(crônica publicada no site Vida Breve)
Por esses dias foi comemorado o dia do contador de histórias. (Como as crônicas anteriores se basearam no dia da mulher, dia da poesia e aniversário do Rio de Janeiro, prometo à leitora dar um tempo dessa técnica mui manjada de pescar esta página das terças na efeméride da semana, e assim irei me basear em assuntos mais desimportantes – o que, via de regra, rende melhores textos.)
Mas, como dizia, comemorou-se o dia do contador de histórias. A celebração teve início na Suécia em 1991, primeiro dia da primavera no hemisfério norte, quando se buscou homenagear essa figura importante que existe em todas as culturas. Ignorante, há um tempo pensava que toda efeméride se originava no dia de nascimento ou morte de alguém. Mas uma pesquisa rápida nos informa que nesse dia nasceram o poeta romano Ovídio – tive um professor de latim que vivia repetindo “Ovídio sabia tudo!”, o dramaturgo norueguês, meu semixará, Henrik Ibsen e o poeta paulista Menotti Del Picchia, aquele para quem o crítico Agripino Grieco fez um dos trocadilhos mais redondinhos de que se tem notícia: “Menotti del Picchia, fecha a braguilha do teu nome!”
Aliás, que palavra feia essa tal “efeméride”! Perde apenas para “cônjuge”.

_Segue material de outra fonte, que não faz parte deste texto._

definition hyperdoctrine :: "('o, 'm, 'x) ccat_scheme \<Rightarrow> ('o, 'm, 'p, 'y) hdoc_scheme \<Rightarrow> bool" where
  "hyperdoctrine C P \<longleftrightarrow> cartesian_closed C \<and>
     (\<forall>I. heyting_fibre P I) \<and>
     \<comment> \<open>P is a functor C^op \<rightarrow> Hey\<close>
     (\<forall>f x. x \<in> pc P (ccod C f) \<longrightarrow> preidx P f x \<in> pc P (cdom C f)) \<and>
     (\<forall>A. \<forall>x\<in>pc P A. preidx P (cid C A) x = x) \<and>
     (\<forall>f g. ccod C f = cdom C g \<longrightarrow>
        (\<forall>x\<in>pc P (ccod C g). preidx P (ccomp C g f) x = preidx P f (preidx P g x))) \<and>
     (\<forall>f. preidx P f (ptop P (ccod C f)) = ptop P (cdom C f) \<and>
          preidx P f (pbot P (ccod C f)) = pbot P (cdom C f) \<and>
          (\<forall>x\<in>pc P (ccod C f). \<forall>y\<in>pc P (ccod C f).
             preidx P f (pconj P (ccod C f) x y) = pconj P (cdom C f) (preidx P f x) (preidx P f y) \<and>
             preidx P f (pdisj P (ccod C f) x y) = pdisj P (cdom C f) (preidx P f x) (preidx P f y) \<and>
             preidx P f (pimp P (ccod C f) x y) = pimp P (cdom C f) (preidx P f x) (preidx P f y))) \<and>
     \<comment> \<open>left and right adjoints to every reindexing\<close>
     (\<forall>f. \<forall>x\<in>pc P (cdom C f).
        pex P f x \<in> pc P (ccod C f) \<and> pall P f x \<in> pc P (ccod C f) \<and>
        (\<forall>y\<in>pc P (ccod C f).
           (ple P (ccod C f) (pex P f x) y \<longleftrightarrow> ple P (cdom C f) x (preidx P f y)) \<and>
           (ple P (ccod C f) y (pall P f x) \<longleftrightarrow> ple P (cdom C f) (preidx P f y) x))) \<and>
     \<comment> \<open>Beck--Chevalley\<close>
     (\<forall>f g p q. is_pullback C f g p q \<longrightarrow>
        (\<forall>x\<in>pc P (cdom C f).
           preidx P g (pex P f x) = pex P q (preidx P p x) \<and>
           preidx P g (pall P f x) = pall P q (preidx P p x)))"

definition existential_free :: "('o, 'm, 'x) ccat_scheme \<Rightarrow> ('o, 'm, 'p, 'y) hdoc_scheme \<Rightarrow> 'o \<Rightarrow> 'p \<Rightarrow> bool" where
  "existential_free C P I \<alpha> \<longleftrightarrow> \<alpha> \<in> pc P I \<and>
     (\<forall>A f B \<beta>. hom C f A I \<and> \<beta> \<in> pc P (cprod C A B) \<and>
        ple P A (preidx P f \<alpha>) (pex P (cpr1 C A B) \<beta>) \<longrightarrow>
        (\<exists>g. hom C g A B \<and> ple P A (preidx P f \<alpha>) (preidx P (pair C (cid C A) g) \<beta>)))"

text \<open>Universal-free predicates of the sub-doctrine P' of existential-free predicates.\<close>
definition universal_free' :: "('o, 'm, 'x) ccat_scheme \<Rightarrow> ('o, 'm, 'p, 'y) hdoc_scheme \<Rightarrow> 'o \<Rightarrow> 'p \<Rightarrow> bool" where
  "universal_free' C P I \<alpha> \<longleftrightarrow> existential_free C P I \<alpha> \<and>
     (\<forall>A f B \<beta>. hom C f A I \<and> existential_free C P (cprod C A B) \<beta> \<and>
        ple P A (pall P (cpr1 C A B) \<beta>) (preidx P f \<alpha>) \<longrightarrow>
        (\<exists>g. hom C g A B \<and> ple P A (preidx P (pair C (cid C A) g) \<beta>) (preidx P f \<alpha>)))"

definition quantifier_free :: "('o, 'm, 'x) ccat_scheme \<Rightarrow> ('o, 'm, 'p, 'y) hdoc_scheme \<Rightarrow> 'o \<Rightarrow> 'p \<Rightarrow> bool" where
  "quantifier_free C P I \<alpha> \<longleftrightarrow> existential_free C P I \<alpha> \<and> universal_free' C P I \<alpha>"

definition goedel_hyperdoctrine :: "('o, 'm, 'x) ccat_scheme \<Rightarrow> ('o, 'm, 'p, 'y) hdoc_scheme \<Rightarrow> bool" where
  "goedel_hyperdoctrine C P \<longleftrightarrow> hyperdoctrine C P \<and>
     \<comment> \<open>(3) enough existential-free predicates\<close>
     (\<forall>I. \<forall>\<alpha>\<in>pc P I. \<exists>A \<beta>. existential_free C P (cprod C I A) \<beta> \<and> \<alpha> = pex P (cpr1 C I A) \<beta>) \<and>
     \<comment> \<open>(4) existential-free predicates are stable under universal quantification along projections\<close>
     (\<forall>A B \<beta>. existential_free C P (cprod C A B) \<beta> \<longrightarrow>
        existential_free C P A (pall P (cpr1 C A B) \<beta>) \<and>
        existential_free C P B (pall P (cpr2 C A B) \<beta>)) \<and>
     \<comment> \<open>(5) P' has enough universal-free predicates\<close>
     (\<forall>I \<alpha>. existential_free C P I \<alpha> \<longrightarrow>
        (\<exists>A \<beta>. universal_free' C P (cprod C I A) \<beta> \<and> \<alpha> = pall P (cpr1 C I A) \<beta>))"
definition psd :: "real^'n^'n \<Rightarrow> bool" where
  "psd G \<longleftrightarrow> (\<forall>x. 0 \<le> x \<bullet> (G *v x))"

definition nonneg_corank :: "('n::finite \<times> 'n) set \<Rightarrow> nat \<Rightarrow> bool" where
  "nonneg_corank R r \<longleftrightarrow> psd (gram_mat R) \<and> rank (gram_mat R) + r = CARD('n)"

definition hasse :: "('n \<times> 'n) set \<Rightarrow> ('n \<times> 'n) set" where
  "hasse R = {(i, j). (i, j) \<in> R \<and> i \<noteq> j \<and>
      \<not> (\<exists>k. (i, k) \<in> R \<and> (k, j) \<in> R \<and> k \<noteq> i \<and> k \<noteq> j)}"

definition hadj :: "('n \<times> 'n) set \<Rightarrow> 'n \<Rightarrow> 'n \<Rightarrow> bool" where
  "hadj R x y \<longleftrightarrow> (x, y) \<in> hasse R \<or> (y, x) \<in> hasse R"

definition adj_on :: "('n \<times> 'n) set \<Rightarrow> 'n set \<Rightarrow> ('n \<times> 'n) set" where
  "adj_on R V = {(x, y). x \<in> V \<and> y \<in> V \<and> hadj R x y}"

definition connected_on :: "('n \<times> 'n) set \<Rightarrow> 'n set \<Rightarrow> bool" where
  "connected_on R V \<longleftrightarrow> (\<forall>x\<in>V. \<forall>y\<in>V. (x, y) \<in> (adj_on R V)\<^sup>*)"

definition is_component_on :: "('n \<times> 'n) set \<Rightarrow> 'n set \<Rightarrow> 'n set \<Rightarrow> bool" where
  "is_component_on R V S \<longleftrightarrow> S \<noteq> {} \<and> S \<subseteq> V \<and> connected_on R S \<and>
      (\<forall>x\<in>S. \<forall>y\<in>V. hadj R x y \<longrightarrow> y \<in> S)"

definition is_path_graph_on :: "('n \<times> 'n) set \<Rightarrow> 'n set \<Rightarrow> bool" where
  "is_path_graph_on R V \<longleftrightarrow> (\<exists>vs. distinct vs \<and> set vs = V \<and>
      (\<forall>x\<in>V. \<forall>y\<in>V. hadj R x y \<longleftrightarrow>
          (\<exists>i. Suc i < length vs \<and> {vs ! i, vs ! Suc i} = {x, y})))"

definition anchored_path :: "('n::finite \<times> 'n) set \<Rightarrow> 'n \<Rightarrow> 'n set \<Rightarrow> bool" where
  "anchored_path R p Jp \<longleftrightarrow> p \<in> Jp \<and>
      \<not> connected_on R (UNIV - {p}) \<and>
      is_component_on R (UNIV - {p}) (Jp - {p}) \<and>
      is_path_graph_on R Jp \<and>
      card {y \<in> Jp. hadj R p y} = 1"

definition is_maximal_in :: "('n \<times> 'n) set \<Rightarrow> 'n set \<Rightarrow> 'n \<Rightarrow> bool" where
  "is_maximal_in R S x \<longleftrightarrow> x \<in> S \<and> \<not> (\<exists>y\<in>S. y \<noteq> x \<and> (x, y) \<in> R)"

definition is_minimal_in :: "('n \<times> 'n) set \<Rightarrow> 'n set \<Rightarrow> 'n \<Rightarrow> bool" where
  "is_minimal_in R S x \<longleftrightarrow> x \<in> S \<and> \<not> (\<exists>y\<in>S. y \<noteq> x \<and> (y, x) \<in> R)"

definition inward_anchored_path :: "('n::finite \<times> 'n) set \<Rightarrow> 'n \<Rightarrow> 'n set \<Rightarrow> bool" where
  "inward_anchored_path R p Jp \<longleftrightarrow> anchored_path R p Jp \<and>
      is_maximal_in R Jp p \<and> (\<forall>x. is_maximal_in R Jp x \<longrightarrow> x = p)"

Faço um balão na avenida das digressões e retorno ao assunto: os contadores de histórias. Essa forma de arte é uma das mais relevantes que existem. Ainda que muitos associem a narração oral de histórias a uma prática exclusivamente voltada para o universo infantil, trata-se de uma ação acessível a todas as faixas etárias. Lida com imaginação e memória, dois campos importantes dos nossos processos cognitivos, e uma necessidade que todos temos, talvez inata, de absorver narrativas. Dos mitos contatos em torno de fogueiras crepitantes, passando pelos romances, o cinema e os videogames, parece que precisamos encontrar sempre novas formas de transmitir histórias.
A trabalho, circulei por diversas cidades acompanhando alguns contadores, e as experiências são sempre muito gratificantes. Diferente de uma apresentação teatral, em que a representação é o foco do espetáculo, numa “contação” (parece que o termo não está mais em uso) importante é justamente o texto, a narratividade sugerida pelo contador, cuja performance não pode ser superior ao que é contado. Existem variadas técnicas, com malas, pequenos objetos, tapetes e mesmo livros, mas o principal é a voz narrativa do contador. Por isso muitos têm certo preconceito com essa arte, que é logo quebrado após ouvir uma boa história bem contada.
Em países como a Espanha, o contador de histórias é uma profissão reconhecida. Não por acaso, é a terra de Cervantes, cujos restos mortais foram descobertos há poucos dias. O autor de “D. Quixote” contou a primeira grande história moderna do Ocidente. Naquelas terras, há indivíduos que vivem em itinerâncias apresentando seus cuentos. Nas últimas décadas, essa atividade vem se firmando por aqui também como uma forma de arte autônoma.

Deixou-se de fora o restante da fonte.